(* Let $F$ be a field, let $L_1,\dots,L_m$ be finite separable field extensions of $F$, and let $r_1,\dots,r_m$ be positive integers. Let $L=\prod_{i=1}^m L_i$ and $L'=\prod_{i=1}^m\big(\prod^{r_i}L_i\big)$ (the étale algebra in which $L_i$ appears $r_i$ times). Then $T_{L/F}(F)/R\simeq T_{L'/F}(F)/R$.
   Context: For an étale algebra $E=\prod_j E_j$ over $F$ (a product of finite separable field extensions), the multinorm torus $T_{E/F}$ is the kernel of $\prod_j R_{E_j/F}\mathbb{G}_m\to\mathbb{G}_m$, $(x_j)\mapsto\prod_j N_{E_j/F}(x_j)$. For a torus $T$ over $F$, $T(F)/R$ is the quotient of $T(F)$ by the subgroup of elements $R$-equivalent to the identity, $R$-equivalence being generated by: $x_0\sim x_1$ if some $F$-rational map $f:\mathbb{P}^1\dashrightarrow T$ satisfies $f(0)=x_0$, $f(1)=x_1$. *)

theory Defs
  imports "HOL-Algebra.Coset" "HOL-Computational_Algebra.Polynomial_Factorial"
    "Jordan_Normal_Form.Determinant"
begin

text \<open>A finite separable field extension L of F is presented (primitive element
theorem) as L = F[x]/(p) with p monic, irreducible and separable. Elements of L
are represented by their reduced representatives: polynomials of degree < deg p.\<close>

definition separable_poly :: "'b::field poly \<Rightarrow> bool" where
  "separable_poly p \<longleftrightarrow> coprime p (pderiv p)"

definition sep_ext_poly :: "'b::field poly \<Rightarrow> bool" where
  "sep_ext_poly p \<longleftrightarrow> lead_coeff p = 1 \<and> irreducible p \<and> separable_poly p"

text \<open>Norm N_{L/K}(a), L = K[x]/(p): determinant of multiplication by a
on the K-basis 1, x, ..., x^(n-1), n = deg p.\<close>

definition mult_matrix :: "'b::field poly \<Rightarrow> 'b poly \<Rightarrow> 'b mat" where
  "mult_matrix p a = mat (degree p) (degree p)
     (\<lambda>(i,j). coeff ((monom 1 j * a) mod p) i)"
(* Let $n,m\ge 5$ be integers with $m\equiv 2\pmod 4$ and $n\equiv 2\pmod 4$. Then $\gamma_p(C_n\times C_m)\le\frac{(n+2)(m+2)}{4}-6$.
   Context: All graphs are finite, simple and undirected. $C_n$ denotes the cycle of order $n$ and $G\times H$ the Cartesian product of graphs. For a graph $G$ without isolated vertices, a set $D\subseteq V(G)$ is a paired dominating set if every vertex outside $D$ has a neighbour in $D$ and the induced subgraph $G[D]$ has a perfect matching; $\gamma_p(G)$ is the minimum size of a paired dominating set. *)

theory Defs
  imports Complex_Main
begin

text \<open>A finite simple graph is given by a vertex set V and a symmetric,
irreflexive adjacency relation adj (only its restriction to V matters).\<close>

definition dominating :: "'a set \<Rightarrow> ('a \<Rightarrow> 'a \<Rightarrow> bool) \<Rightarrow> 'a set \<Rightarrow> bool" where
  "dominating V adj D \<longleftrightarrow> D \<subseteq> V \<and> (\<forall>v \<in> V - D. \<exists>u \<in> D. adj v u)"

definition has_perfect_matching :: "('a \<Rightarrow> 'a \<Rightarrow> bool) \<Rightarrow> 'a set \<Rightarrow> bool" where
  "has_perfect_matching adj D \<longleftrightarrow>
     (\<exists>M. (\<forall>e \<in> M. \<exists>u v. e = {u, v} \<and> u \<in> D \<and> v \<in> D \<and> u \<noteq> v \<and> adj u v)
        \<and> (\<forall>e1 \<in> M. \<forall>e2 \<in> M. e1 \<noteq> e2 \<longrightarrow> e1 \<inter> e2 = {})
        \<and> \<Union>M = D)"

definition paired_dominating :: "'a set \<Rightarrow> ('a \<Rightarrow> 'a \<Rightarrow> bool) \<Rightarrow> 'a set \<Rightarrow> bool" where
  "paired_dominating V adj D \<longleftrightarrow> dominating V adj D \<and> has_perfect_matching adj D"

--*--

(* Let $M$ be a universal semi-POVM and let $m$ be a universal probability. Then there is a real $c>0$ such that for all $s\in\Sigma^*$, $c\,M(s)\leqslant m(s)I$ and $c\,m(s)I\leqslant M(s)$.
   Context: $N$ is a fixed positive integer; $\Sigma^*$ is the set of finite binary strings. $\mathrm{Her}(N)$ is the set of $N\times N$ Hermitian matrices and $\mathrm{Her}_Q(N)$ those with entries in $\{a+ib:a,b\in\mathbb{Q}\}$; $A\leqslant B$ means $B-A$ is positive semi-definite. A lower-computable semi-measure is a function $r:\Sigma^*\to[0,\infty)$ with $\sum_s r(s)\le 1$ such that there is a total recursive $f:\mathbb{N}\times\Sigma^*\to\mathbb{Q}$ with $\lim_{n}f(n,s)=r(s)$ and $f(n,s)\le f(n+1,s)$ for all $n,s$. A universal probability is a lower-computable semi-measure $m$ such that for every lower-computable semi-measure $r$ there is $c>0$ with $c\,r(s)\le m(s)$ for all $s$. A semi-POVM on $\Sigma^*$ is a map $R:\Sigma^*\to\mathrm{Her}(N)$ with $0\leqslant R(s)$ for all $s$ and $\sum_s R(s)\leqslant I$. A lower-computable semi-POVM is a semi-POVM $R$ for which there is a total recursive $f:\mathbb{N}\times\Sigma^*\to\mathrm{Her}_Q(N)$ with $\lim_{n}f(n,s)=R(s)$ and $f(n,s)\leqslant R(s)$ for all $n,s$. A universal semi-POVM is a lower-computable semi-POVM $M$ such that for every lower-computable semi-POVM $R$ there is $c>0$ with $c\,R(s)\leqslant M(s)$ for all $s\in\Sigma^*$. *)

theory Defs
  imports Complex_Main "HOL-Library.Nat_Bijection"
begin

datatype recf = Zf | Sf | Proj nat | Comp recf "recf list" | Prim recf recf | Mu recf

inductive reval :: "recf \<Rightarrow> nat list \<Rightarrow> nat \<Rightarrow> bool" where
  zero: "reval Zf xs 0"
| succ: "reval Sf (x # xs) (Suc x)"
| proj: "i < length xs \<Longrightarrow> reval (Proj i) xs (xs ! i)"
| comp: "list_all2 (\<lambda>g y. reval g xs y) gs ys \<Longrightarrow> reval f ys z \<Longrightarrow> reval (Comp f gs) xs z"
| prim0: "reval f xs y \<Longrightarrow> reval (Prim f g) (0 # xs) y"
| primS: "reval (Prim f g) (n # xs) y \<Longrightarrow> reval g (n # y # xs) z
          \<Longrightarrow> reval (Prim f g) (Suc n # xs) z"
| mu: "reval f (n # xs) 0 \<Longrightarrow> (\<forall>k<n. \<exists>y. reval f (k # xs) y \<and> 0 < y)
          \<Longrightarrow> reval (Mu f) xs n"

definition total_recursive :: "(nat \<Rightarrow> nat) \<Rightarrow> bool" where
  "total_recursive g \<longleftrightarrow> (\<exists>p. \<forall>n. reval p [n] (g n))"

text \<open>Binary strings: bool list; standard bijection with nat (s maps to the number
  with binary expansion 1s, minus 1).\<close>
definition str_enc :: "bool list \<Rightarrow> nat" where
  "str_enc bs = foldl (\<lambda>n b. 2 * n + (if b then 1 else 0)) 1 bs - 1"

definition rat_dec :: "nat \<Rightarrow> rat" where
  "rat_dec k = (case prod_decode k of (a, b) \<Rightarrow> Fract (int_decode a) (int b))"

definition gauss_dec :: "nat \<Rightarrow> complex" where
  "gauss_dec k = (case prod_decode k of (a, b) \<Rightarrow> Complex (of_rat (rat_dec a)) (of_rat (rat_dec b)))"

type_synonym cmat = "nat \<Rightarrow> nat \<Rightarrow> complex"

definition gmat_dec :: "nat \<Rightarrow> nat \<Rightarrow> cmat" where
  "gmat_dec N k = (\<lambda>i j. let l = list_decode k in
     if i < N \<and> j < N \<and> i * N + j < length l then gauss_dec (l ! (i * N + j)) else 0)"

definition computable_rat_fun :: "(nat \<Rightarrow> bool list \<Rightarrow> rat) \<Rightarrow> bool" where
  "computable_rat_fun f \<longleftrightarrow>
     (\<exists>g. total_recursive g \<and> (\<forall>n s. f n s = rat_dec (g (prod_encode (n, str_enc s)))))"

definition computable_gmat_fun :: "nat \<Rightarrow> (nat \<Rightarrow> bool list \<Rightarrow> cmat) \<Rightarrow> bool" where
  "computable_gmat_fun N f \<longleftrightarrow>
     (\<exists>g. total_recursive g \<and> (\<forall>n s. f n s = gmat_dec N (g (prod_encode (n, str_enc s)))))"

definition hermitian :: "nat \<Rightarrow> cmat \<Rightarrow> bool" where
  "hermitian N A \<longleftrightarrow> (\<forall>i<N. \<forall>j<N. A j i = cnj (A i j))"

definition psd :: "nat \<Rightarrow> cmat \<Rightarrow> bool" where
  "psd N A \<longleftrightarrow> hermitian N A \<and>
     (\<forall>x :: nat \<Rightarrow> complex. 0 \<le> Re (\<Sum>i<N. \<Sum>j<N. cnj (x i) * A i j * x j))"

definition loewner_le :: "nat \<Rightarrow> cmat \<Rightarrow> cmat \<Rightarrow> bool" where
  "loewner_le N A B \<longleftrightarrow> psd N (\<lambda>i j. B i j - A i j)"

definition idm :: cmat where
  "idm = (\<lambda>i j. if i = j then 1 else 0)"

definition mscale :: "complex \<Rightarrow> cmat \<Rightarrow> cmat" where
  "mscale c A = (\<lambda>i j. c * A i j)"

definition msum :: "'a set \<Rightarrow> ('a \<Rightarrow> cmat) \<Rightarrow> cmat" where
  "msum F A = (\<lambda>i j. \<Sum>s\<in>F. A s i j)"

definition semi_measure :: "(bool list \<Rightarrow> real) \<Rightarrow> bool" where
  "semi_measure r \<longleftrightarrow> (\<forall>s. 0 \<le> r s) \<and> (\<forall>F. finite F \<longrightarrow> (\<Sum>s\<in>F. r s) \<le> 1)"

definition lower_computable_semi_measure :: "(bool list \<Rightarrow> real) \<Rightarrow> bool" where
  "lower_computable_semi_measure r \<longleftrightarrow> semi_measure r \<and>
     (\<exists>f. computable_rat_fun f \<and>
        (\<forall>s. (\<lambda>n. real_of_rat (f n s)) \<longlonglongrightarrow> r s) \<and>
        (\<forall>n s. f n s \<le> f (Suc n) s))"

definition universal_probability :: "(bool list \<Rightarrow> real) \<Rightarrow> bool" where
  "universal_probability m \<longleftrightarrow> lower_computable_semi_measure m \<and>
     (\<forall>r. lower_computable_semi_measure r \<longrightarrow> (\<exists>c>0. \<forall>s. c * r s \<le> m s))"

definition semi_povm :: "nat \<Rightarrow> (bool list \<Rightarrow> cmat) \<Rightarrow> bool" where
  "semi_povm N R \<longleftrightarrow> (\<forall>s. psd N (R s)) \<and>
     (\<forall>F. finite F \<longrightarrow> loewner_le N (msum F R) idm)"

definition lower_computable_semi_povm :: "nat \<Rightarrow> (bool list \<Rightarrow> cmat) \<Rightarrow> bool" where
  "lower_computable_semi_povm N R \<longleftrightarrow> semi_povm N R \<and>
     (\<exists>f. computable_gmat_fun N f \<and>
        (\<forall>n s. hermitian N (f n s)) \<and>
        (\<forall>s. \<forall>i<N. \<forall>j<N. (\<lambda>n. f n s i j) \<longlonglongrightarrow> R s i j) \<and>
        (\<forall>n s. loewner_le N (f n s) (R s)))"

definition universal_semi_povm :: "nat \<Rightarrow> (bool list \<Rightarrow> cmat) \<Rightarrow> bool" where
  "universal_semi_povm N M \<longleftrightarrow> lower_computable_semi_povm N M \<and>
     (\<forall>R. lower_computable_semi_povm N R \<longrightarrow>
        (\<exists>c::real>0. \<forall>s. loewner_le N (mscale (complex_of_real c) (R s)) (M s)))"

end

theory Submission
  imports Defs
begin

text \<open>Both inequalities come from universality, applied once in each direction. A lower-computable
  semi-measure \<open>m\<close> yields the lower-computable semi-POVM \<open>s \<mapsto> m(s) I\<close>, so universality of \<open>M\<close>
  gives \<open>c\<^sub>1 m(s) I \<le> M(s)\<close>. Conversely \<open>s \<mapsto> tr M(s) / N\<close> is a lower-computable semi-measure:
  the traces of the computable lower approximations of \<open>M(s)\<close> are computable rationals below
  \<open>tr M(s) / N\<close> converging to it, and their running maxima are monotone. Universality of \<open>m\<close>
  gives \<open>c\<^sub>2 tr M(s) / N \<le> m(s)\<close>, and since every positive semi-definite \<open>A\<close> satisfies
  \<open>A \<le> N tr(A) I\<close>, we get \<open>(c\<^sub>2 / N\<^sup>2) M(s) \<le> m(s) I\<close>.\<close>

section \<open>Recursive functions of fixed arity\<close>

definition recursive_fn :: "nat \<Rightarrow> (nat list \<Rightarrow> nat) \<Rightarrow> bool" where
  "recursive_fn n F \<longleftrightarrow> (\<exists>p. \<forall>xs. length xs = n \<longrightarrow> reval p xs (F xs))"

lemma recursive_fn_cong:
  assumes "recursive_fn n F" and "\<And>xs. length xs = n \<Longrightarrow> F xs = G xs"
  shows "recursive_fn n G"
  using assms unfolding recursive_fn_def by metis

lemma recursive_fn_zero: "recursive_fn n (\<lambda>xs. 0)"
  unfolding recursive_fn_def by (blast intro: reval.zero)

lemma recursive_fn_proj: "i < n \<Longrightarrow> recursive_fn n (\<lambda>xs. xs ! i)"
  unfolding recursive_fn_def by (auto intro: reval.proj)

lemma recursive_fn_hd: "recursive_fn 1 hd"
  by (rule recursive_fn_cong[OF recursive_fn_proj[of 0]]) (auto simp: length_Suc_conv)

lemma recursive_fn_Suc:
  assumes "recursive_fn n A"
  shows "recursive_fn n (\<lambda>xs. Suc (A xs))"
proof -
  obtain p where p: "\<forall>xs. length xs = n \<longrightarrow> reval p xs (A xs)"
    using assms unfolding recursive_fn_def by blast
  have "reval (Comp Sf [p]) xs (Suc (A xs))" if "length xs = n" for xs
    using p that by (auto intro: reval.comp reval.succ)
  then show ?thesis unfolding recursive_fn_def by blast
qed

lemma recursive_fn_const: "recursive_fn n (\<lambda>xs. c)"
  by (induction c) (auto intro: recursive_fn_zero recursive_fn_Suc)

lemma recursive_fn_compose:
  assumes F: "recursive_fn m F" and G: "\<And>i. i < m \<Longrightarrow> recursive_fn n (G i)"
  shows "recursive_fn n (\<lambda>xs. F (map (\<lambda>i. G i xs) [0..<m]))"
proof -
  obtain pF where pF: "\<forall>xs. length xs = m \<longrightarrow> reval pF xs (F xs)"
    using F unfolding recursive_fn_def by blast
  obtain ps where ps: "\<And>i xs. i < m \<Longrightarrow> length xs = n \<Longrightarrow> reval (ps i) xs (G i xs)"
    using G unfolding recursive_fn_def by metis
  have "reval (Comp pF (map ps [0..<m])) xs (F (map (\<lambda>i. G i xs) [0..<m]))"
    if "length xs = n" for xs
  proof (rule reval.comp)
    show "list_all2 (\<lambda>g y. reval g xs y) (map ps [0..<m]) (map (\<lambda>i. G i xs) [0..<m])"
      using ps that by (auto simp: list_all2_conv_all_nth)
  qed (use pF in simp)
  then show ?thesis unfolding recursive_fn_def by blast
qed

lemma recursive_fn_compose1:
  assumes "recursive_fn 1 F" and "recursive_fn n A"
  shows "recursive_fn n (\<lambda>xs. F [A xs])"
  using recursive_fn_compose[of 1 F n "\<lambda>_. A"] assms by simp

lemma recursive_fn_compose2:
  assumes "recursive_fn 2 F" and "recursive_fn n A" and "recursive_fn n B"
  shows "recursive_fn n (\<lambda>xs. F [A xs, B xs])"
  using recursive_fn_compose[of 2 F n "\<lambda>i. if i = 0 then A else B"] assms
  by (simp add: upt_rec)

--*--

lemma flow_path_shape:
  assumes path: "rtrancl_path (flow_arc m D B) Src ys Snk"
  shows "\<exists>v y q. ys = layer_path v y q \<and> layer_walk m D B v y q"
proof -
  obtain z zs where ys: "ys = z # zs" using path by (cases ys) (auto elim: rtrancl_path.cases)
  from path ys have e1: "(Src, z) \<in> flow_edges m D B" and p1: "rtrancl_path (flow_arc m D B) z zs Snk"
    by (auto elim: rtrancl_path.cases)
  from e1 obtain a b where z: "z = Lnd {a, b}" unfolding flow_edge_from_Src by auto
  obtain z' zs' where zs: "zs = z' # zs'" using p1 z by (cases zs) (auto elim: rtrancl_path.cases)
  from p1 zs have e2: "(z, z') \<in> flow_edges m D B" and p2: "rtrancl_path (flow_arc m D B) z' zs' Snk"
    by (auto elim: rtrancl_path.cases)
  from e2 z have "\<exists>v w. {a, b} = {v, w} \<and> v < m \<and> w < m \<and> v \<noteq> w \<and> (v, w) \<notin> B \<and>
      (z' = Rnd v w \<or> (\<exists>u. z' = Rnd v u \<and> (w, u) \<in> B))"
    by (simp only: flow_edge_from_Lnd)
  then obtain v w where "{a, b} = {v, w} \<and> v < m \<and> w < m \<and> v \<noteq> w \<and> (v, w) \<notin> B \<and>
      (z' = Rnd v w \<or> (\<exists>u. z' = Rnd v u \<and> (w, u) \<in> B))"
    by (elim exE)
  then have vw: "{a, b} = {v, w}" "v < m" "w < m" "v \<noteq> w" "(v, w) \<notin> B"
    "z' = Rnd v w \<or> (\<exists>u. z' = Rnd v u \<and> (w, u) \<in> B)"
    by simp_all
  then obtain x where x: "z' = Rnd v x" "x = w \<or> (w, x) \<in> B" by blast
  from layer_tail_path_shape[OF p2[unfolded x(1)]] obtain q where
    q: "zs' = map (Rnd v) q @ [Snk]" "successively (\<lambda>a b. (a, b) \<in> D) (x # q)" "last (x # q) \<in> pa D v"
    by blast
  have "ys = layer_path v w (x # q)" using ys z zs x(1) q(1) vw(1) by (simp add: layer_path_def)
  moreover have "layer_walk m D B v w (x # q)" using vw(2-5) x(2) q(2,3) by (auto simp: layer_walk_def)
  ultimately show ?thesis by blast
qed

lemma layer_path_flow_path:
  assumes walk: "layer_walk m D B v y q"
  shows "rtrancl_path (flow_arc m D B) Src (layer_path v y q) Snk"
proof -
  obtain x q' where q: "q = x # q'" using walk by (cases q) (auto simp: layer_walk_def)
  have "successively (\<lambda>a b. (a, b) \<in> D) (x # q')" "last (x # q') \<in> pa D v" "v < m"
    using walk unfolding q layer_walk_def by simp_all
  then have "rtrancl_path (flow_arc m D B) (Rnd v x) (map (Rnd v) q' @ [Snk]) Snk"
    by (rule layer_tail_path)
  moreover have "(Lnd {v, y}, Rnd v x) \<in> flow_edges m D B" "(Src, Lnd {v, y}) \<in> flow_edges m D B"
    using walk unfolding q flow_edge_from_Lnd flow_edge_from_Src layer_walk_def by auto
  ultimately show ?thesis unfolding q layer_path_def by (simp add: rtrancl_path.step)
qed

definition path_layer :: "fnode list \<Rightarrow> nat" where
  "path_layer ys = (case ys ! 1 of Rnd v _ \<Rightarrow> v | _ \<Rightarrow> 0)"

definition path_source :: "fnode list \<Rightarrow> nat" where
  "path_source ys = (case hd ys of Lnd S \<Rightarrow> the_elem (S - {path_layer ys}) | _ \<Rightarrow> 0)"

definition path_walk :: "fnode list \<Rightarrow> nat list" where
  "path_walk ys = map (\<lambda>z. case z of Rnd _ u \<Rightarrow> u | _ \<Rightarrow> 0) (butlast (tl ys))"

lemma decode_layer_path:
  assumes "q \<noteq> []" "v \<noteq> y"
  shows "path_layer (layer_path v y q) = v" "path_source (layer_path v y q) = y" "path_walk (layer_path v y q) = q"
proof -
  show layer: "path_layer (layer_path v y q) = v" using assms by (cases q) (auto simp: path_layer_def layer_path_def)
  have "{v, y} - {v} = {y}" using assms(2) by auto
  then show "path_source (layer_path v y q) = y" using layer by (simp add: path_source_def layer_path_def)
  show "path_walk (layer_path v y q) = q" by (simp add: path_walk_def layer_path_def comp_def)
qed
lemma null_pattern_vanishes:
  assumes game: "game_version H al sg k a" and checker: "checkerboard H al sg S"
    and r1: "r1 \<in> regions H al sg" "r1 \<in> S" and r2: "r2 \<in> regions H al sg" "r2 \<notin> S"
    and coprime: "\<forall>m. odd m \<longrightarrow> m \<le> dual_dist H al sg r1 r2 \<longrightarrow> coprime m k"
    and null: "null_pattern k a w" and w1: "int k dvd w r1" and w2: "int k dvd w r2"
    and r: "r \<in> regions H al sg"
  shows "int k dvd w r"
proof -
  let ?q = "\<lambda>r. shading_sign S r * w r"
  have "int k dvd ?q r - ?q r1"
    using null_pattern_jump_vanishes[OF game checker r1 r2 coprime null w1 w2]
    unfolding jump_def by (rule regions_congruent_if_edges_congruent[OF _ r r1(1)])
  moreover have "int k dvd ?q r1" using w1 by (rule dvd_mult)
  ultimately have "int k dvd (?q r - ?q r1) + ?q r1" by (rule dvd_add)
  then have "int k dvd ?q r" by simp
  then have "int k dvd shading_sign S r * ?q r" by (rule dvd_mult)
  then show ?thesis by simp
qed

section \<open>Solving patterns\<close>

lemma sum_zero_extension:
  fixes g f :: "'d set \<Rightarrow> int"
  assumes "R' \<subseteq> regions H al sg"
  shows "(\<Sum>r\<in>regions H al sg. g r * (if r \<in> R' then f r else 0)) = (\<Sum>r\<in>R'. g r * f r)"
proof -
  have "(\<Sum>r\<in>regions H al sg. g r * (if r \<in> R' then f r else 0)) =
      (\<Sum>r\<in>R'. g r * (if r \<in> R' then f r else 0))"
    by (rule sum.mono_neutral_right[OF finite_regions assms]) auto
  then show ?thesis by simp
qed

--*--

**Problem details**
Find and show each line of the listing with the word "imports".

**Task output**
  imports "HOL-Algebra.Coset" "HOL-Computational_Algebra.Polynomial_Factorial"
  imports Complex_Main
  imports Complex_Main "HOL-Library.Nat_Bijection"
  imports Defs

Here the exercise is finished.